* _Problem description_
Starting at the line that holds "x = (\<lambda>y." and stopping at the line that holds "degree-one symbols as", restate the records below word for word, with both of those lines included.

[Collected data]
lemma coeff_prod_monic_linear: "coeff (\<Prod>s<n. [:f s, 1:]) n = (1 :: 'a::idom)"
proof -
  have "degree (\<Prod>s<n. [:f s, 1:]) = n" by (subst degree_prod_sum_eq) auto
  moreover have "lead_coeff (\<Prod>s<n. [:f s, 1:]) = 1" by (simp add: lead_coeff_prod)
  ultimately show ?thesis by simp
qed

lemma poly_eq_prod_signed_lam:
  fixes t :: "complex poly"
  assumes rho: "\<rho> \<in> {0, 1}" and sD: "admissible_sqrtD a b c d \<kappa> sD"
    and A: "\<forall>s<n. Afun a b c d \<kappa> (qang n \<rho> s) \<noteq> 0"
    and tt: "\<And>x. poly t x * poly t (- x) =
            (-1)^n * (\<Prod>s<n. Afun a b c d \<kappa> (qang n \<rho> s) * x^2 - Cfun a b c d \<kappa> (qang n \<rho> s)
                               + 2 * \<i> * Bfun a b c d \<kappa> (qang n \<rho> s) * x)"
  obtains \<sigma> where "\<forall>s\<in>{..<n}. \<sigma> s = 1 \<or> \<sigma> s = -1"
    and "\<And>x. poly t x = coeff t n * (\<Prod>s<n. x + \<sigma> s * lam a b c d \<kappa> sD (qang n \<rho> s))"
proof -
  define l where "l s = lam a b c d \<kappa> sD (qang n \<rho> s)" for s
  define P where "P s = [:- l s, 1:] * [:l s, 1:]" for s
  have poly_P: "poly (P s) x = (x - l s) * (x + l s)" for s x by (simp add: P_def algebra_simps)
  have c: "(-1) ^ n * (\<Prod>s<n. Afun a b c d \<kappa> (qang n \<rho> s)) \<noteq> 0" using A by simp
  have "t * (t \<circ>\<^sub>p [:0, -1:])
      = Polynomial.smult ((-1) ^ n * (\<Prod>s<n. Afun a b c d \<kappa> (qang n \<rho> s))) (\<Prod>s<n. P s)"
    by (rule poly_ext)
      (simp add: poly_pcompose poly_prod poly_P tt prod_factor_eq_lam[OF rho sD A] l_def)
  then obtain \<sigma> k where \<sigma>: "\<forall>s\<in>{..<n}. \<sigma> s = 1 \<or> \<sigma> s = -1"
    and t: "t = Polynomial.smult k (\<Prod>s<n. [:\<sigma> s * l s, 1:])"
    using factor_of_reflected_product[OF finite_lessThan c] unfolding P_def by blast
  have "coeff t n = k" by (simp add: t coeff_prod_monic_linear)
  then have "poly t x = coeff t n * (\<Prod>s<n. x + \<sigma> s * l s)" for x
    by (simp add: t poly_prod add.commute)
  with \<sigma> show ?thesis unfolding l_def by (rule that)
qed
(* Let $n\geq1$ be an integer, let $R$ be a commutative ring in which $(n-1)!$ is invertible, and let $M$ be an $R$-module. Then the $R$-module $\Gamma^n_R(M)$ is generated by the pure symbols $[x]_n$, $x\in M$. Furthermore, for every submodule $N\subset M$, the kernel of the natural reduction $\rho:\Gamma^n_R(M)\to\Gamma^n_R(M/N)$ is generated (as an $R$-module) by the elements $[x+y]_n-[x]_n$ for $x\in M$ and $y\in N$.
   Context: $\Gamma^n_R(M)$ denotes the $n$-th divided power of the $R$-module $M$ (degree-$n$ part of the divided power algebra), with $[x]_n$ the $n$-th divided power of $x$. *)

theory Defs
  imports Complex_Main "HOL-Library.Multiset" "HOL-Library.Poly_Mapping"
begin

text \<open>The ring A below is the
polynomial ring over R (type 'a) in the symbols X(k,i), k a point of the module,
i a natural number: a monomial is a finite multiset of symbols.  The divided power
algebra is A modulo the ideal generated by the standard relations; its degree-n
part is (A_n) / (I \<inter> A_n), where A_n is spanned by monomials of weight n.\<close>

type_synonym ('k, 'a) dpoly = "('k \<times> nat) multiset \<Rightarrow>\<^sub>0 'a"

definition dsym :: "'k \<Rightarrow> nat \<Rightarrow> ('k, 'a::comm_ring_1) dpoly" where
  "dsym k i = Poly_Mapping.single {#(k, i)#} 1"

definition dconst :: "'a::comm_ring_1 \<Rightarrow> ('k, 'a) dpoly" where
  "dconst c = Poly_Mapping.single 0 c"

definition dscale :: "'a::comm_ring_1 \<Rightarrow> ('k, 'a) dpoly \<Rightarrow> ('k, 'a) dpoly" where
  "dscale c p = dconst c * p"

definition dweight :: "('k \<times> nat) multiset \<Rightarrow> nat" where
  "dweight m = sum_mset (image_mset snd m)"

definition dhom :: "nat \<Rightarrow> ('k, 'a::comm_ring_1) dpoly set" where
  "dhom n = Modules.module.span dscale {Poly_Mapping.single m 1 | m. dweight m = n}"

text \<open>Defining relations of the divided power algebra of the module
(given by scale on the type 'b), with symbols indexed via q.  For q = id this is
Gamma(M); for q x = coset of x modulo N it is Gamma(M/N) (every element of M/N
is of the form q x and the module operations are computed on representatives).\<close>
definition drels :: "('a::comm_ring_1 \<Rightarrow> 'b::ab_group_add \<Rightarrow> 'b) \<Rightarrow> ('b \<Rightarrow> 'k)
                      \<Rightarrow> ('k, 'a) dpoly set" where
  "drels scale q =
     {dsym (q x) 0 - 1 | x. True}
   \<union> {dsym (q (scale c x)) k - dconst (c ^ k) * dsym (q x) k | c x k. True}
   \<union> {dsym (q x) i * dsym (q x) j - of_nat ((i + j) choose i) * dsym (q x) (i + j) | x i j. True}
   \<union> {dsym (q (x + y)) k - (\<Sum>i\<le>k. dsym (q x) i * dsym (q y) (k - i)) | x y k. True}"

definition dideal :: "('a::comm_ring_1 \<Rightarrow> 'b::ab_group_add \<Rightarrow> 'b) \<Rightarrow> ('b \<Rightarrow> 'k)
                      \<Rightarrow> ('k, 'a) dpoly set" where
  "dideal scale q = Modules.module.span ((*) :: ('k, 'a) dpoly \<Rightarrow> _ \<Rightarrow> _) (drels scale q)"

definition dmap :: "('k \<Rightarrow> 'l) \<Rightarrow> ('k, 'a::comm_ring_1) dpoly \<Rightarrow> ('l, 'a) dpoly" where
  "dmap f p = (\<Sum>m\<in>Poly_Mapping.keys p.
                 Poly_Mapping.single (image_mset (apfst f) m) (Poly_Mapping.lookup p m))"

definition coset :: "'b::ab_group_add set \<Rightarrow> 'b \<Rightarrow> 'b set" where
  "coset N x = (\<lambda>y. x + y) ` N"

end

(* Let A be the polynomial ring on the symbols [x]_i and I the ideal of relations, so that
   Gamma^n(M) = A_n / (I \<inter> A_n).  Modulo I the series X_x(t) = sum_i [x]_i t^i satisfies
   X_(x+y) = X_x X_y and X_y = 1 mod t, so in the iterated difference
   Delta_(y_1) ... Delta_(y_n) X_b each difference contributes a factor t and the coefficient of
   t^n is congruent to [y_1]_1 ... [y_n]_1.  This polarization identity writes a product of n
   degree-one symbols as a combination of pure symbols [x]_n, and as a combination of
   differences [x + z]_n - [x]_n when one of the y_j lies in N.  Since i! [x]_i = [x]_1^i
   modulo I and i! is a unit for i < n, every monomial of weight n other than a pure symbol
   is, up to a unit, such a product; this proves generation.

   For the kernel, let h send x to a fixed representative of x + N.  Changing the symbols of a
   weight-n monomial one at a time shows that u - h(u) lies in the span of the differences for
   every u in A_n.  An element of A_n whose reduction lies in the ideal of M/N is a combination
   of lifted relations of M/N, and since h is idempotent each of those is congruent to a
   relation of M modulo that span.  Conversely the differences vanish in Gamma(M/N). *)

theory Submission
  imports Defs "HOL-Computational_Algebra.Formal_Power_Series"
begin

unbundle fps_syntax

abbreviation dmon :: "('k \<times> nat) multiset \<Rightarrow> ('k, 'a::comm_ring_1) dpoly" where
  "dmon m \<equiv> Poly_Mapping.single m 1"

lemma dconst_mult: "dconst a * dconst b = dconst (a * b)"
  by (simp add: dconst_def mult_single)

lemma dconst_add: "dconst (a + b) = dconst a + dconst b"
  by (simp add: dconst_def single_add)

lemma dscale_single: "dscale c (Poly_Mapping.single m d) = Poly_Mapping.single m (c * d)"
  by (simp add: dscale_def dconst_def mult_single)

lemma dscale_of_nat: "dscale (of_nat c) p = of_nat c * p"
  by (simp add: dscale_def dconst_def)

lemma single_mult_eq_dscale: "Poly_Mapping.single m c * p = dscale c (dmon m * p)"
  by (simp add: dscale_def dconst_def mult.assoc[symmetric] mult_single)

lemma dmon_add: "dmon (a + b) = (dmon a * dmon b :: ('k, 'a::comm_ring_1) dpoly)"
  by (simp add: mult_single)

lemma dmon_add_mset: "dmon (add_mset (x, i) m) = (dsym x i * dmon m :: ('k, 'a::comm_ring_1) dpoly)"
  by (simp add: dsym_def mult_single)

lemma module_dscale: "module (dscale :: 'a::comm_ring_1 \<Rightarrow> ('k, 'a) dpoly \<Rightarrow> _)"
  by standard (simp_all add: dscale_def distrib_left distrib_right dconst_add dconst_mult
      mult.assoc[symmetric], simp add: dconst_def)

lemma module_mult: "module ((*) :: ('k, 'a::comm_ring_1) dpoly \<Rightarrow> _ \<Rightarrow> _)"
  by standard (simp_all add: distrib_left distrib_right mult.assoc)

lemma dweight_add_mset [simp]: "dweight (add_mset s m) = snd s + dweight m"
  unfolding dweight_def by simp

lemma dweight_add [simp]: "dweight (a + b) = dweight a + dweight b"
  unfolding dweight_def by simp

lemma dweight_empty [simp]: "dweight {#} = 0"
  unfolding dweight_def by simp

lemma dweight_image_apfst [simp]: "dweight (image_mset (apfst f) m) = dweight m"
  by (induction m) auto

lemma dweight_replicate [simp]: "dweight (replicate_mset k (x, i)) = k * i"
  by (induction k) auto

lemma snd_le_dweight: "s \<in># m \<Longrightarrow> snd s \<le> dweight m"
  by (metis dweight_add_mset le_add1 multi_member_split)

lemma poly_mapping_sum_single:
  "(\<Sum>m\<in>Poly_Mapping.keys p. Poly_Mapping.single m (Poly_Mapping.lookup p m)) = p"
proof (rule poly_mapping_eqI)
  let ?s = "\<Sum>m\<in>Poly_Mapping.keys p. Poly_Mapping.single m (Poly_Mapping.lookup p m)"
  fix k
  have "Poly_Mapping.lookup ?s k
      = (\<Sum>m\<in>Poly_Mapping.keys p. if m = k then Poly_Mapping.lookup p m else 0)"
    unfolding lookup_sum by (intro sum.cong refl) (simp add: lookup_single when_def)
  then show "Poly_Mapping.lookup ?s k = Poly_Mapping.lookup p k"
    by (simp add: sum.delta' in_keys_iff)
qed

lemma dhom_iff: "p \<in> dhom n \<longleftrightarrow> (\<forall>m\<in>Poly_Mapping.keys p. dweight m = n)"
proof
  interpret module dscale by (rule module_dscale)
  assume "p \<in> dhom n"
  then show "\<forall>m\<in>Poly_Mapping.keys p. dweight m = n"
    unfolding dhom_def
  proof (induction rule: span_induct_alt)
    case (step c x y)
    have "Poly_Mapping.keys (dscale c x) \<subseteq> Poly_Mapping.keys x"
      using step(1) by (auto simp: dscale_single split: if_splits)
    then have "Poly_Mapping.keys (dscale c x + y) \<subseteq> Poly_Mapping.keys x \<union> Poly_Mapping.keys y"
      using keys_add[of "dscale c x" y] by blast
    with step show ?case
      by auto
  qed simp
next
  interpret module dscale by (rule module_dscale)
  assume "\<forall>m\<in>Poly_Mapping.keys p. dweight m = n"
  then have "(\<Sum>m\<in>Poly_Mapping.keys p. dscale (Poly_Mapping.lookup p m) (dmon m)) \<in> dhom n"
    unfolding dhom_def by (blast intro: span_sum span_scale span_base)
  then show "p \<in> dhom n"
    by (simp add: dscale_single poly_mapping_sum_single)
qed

* _Result_
  "coset N x = (\<lambda>y. x + y) ` N"

end

(* Let A be the polynomial ring on the symbols [x]_i and I the ideal of relations, so that
   Gamma^n(M) = A_n / (I \<inter> A_n).  Modulo I the series X_x(t) = sum_i [x]_i t^i satisfies
   X_(x+y) = X_x X_y and X_y = 1 mod t, so in the iterated difference
   Delta_(y_1) ... Delta_(y_n) X_b each difference contributes a factor t and the coefficient of
   t^n is congruent to [y_1]_1 ... [y_n]_1.  This polarization identity writes a product of n
   degree-one symbols as a combination of pure symbols [x]_n, and as a combination of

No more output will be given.